A teoria da reflexividade vem ganhando força nas produções acadêmicas das últimas décadas, entretanto ela encontra suas bases nas produções de John Dewey9 já no início do século XX. Com este autor, tem princípio o que é comumente chamado de epistemologia da prática, onde ele e nomes como Nóvoa, Perrenoud, Schön, Tardif, Zeichner,

advogam que a reflexão é um importante instrumento de desenvolvimento do pensamento e da ação e veem na reflexão sobre a prática a estratégia que pode superar a racionalidade técnica. A ênfase nessa reflexão deve-se, segundo os pensadores desse ideário, pelo fato do professor trazer em si um tipo de conhecimento que convencionaram denominar de pensamento prático (DUARTE NETO, 2010, p. 135, BDTD da UFPE).

O foco então é na tentativa de superação do tecnicismo o qual coloca o professor numa posição de mero aplicador de técnicas advindas de outros, retirando sua autonomia intelectual. Na perspectiva da epistemologia da prática há, portanto, a possibilidade do docente construir conhecimento a partir da reflexão sobre seu fazer pedagógico, um conhecimento que não seria alheio às condições concretas do cotidiano no qual está inserido.
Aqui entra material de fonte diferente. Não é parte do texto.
lemma ideal_gen_eq_span: "ideal_gen S = ring_module.span S"
  by (auto simp: ideal_gen_def ring_module.span_explicit)

lemma ideal_gen_base: "g \<in> S \<Longrightarrow> g \<in> ideal_gen S"
  unfolding ideal_gen_eq_span by (rule ring_module.span_base)

lemma ideal_gen_mono: "S \<subseteq> T \<Longrightarrow> ideal_gen S \<subseteq> ideal_gen T"
  unfolding ideal_gen_eq_span by (rule ring_module.span_mono)

lemma ideal_gen_least: "S \<subseteq> ideal_gen T \<Longrightarrow> ideal_gen S \<subseteq> ideal_gen T"
  unfolding ideal_gen_eq_span by (rule ring_module.span_minimal[OF _ ring_module.subspace_span])

lemma ideal_gen_induct [consumes 1, case_names zero add mult]:
  assumes "p \<in> ideal_gen S"
    and "P 0"
    and "\<And>p q. P p \<Longrightarrow> P q \<Longrightarrow> P (p + q)"
    and "\<And>c g. g \<in> S \<Longrightarrow> P (c * g)"
  shows "P p"
proof -
  obtain F c where "finite F" "F \<subseteq> S" "p = (\<Sum>g\<in>F. c g * g)"
    using assms(1) unfolding ideal_gen_def by blast
  then show ?thesis
    using assms(2-4) by (induction F arbitrary: p rule: finite_induct) auto
qed

lemma ideal_gen_monomial_divisor:
  assumes "p \<in> ideal_gen G" and "Poly_Mapping.lookup p a \<noteq> 0"
  shows "\<exists>g\<in>G. \<exists>w\<in>Poly_Mapping.keys g. \<exists>s. a = s + w"
  using assms
proof (induction p rule: ideal_gen_induct)
  case (add p q)
  then show ?case by (cases "Poly_Mapping.lookup p a = 0") (simp_all add: lookup_add)
next
  case (mult c g)
  then have "a \<in> Poly_Mapping.keys (c * g)" by (simp add: in_keys_iff)
  with mult.hyps show ?case using keys_mult[of c g] by blast
qed simp

lemma lookup_mult_single_one:
  fixes p :: "'a::cancel_comm_monoid_add \<Rightarrow>\<^sub>0 'b::comm_ring_1"
  shows "Poly_Mapping.lookup (p * Poly_Mapping.single g 1) g = Poly_Mapping.lookup p 0"
proof -
  let ?e = "Poly_Mapping.single g (1::'b)"
  have "Poly_Mapping.lookup (p * ?e) g
      = (\<Sum>l. Poly_Mapping.lookup p l * (\<Sum>q. Poly_Mapping.lookup ?e q when g = l + q))"
    by (rule lookup_mult)
  also have "\<dots> = (\<Sum>l. Poly_Mapping.lookup p l when l = 0)"
  proof (rule Sum_any.cong)
    fix l
    have "(\<Sum>q. Poly_Mapping.lookup ?e q when g = l + q) = (\<Sum>q. (1::'b) when q = g \<and> l = 0)"
      by (rule Sum_any.cong) (auto simp: lookup_single when_def)
    then show "Poly_Mapping.lookup p l * (\<Sum>q. Poly_Mapping.lookup ?e q when g = l + q)
        = (Poly_Mapping.lookup p l when l = 0)"
      by (cases "l = 0") (simp_all add: when_def)
  qed
  also have "\<dots> = Poly_Mapping.lookup p 0" by simp
  finally show ?thesis .
qed

lemma monom_mult: "(monom u :: ('n, 'k::field) mpoly) * monom v = monom (u + v)"
  by (simp add: monom_def mult_single)

lemma lookup_monom: "Poly_Mapping.lookup (monom u :: ('n, 'k::field) mpoly) w = (if w = u then 1 else 0)"
  by (simp add: monom_def lookup_single)

lemma lookup_mult_monom_nonzeroD:
  "Poly_Mapping.lookup (c * monom \<gamma> :: ('n, 'k::field) mpoly) w \<noteq> 0 \<Longrightarrow> \<exists>s. w = s + \<gamma>"
  using keys_mult[of c "monom \<gamma>"] by (auto simp: monom_def in_keys_iff[symmetric])

lemma binomial_eq_plusminus:
  fixes a b u v :: "'n + 'n \<Rightarrow>\<^sub>0 nat"
  assumes "u \<noteq> v" "a \<noteq> b"
    and "Poly_Mapping.lookup (monom u - monom v :: ('n, 'k::field) mpoly) a \<noteq> 0"
    and "Poly_Mapping.lookup (monom u - monom v :: ('n, 'k) mpoly) b \<noteq> 0"
  shows "monom u - monom v = (monom a - monom b :: ('n, 'k) mpoly)
      \<or> monom u - monom v = - (monom a - monom b :: ('n, 'k) mpoly)"
proof -
  have "a \<in> {u, v}" "b \<in> {u, v}"
    using assms(3,4) by (auto simp: lookup_minus lookup_monom split: if_splits)
  then have "(u = a \<and> v = b) \<or> (u = b \<and> v = a)"
    using assms(1,2) by auto
  then show ?thesis by auto
qed

definition col_deg :: "('n + 'n \<Rightarrow>\<^sub>0 nat) \<Rightarrow> 'n \<Rightarrow> nat" where
  "col_deg w k = Poly_Mapping.lookup w (Inl k) + Poly_Mapping.lookup w (Inr k)"

lemma col_deg_add: "col_deg (s + w) k = col_deg s k + col_deg w k"
  by (simp add: col_deg_def lookup_add)

lemma col_deg_add_le_self_imp_zero:
  assumes "col_deg (s + w) \<le> col_deg w"
  shows "s = 0"
proof (rule poly_mapping_eqI)
  fix v
  have "col_deg s k = 0" for k
    using le_funD[OF assms, of k] by (simp add: col_deg_add)
  then show "Poly_Mapping.lookup s v = Poly_Mapping.lookup 0 v"
    by (cases v) (auto simp: col_deg_def)
qed

lemma lookup_mult_monom_low:
  assumes "col_deg w \<le> col_deg \<gamma>"
  shows "Poly_Mapping.lookup (c * monom \<gamma> :: ('n, 'k::field) mpoly) w = (if w = \<gamma> then Poly_Mapping.lookup c 0 else 0)"
proof (cases "w = \<gamma>")
  case True
  then show ?thesis by (simp add: monom_def lookup_mult_single_one)
next
  case False
  have "Poly_Mapping.lookup (c * monom \<gamma>) w = 0"
  proof (rule ccontr)
    assume "Poly_Mapping.lookup (c * monom \<gamma>) w \<noteq> 0"
    then obtain s where s: "w = s + \<gamma>" using lookup_mult_monom_nonzeroD by blast
    have "s = 0" using assms unfolding s by (rule col_deg_add_le_self_imp_zero)
    with s False show False by simp
  qed
  with False show ?thesis by simp
qed

lemma lookup_mult_monom_not_above:
  assumes "\<not> col_deg \<gamma> \<le> col_deg w"
  shows "Poly_Mapping.lookup (c * monom \<gamma> :: ('n, 'k::field) mpoly) w = 0"
proof (rule ccontr)
  assume "Poly_Mapping.lookup (c * monom \<gamma>) w \<noteq> 0"
  then obtain s where "w = s + \<gamma>" using lookup_mult_monom_nonzeroD by blast
  then have "col_deg \<gamma> \<le> col_deg w" by (simp add: le_fun_def col_deg_add)
  with assms show False by contradiction
qed

definition minor_exp :: "('n \<Rightarrow> nat) \<Rightarrow> 'n \<Rightarrow> 'n \<Rightarrow> 'n + 'n \<Rightarrow>\<^sub>0 nat" where
  "minor_exp d i j = Poly_Mapping.single (Inl i) (d i) + Poly_Mapping.single (Inr j) (d j)"

lemma minor2_eq_monom:
  "(minor2 d i j :: ('n, 'k::field) mpoly) = monom (minor_exp d i j) - monom (minor_exp d j i)"
  by (simp add: minor2_def var_pow_def minor_exp_def monom_mult)

lemma col_deg_minor_exp:
  "col_deg (minor_exp d i j) k = (if k = i then d i else 0) + (if k = j then d j else 0)"
  by (simp add: col_deg_def minor_exp_def lookup_add lookup_single)

lemma col_deg_minor_exp_commute: "col_deg (minor_exp d i j) = col_deg (minor_exp d j i)"
  by (simp add: fun_eq_iff col_deg_minor_exp)

lemma minor_exp_neq:
  assumes "d i > 0" "i \<noteq> j"
  shows "minor_exp d i j \<noteq> minor_exp d j i"
proof
  assume "minor_exp d i j = minor_exp d j i"
  then have "Poly_Mapping.lookup (minor_exp d i j) (Inl i) = Poly_Mapping.lookup (minor_exp d j i) (Inl i)"
    by simp
  with assms show False by (simp add: minor_exp_def lookup_add lookup_single)
qed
A epistemologia da prática intenciona, portanto, restaurar o lugar do professor na relação de ensino-aprendizagem dando destaque às vivências cotidianas desse profissional. Desse modo, o cotidiano seria posto em reflexão, o que os autores dessa perspectiva teórica denominam de reflexão sobre a prática, possibilitando consequentemente a superação da racionalidade técnica que, pautada na reprodução de práticas consideradas de sucesso, retira do professor a capacidade criadora e criativa de sua função.

O cotidiano se configura, pois, nessa perspectiva como um de seus conceitos mais importantes, dizendo respeito às questões rotineiras que constroem o fazer na sala de aula e aos sentidos que os indivíduos produzem sobre essa rotina. A partir da compreensão de que nas pesquisas em educação, além de concepções totalizantes, se faz necessário que a concreticidade da realidade social seja possibilidade de produção de conhecimento científico, o cotidiano se torna elemento central.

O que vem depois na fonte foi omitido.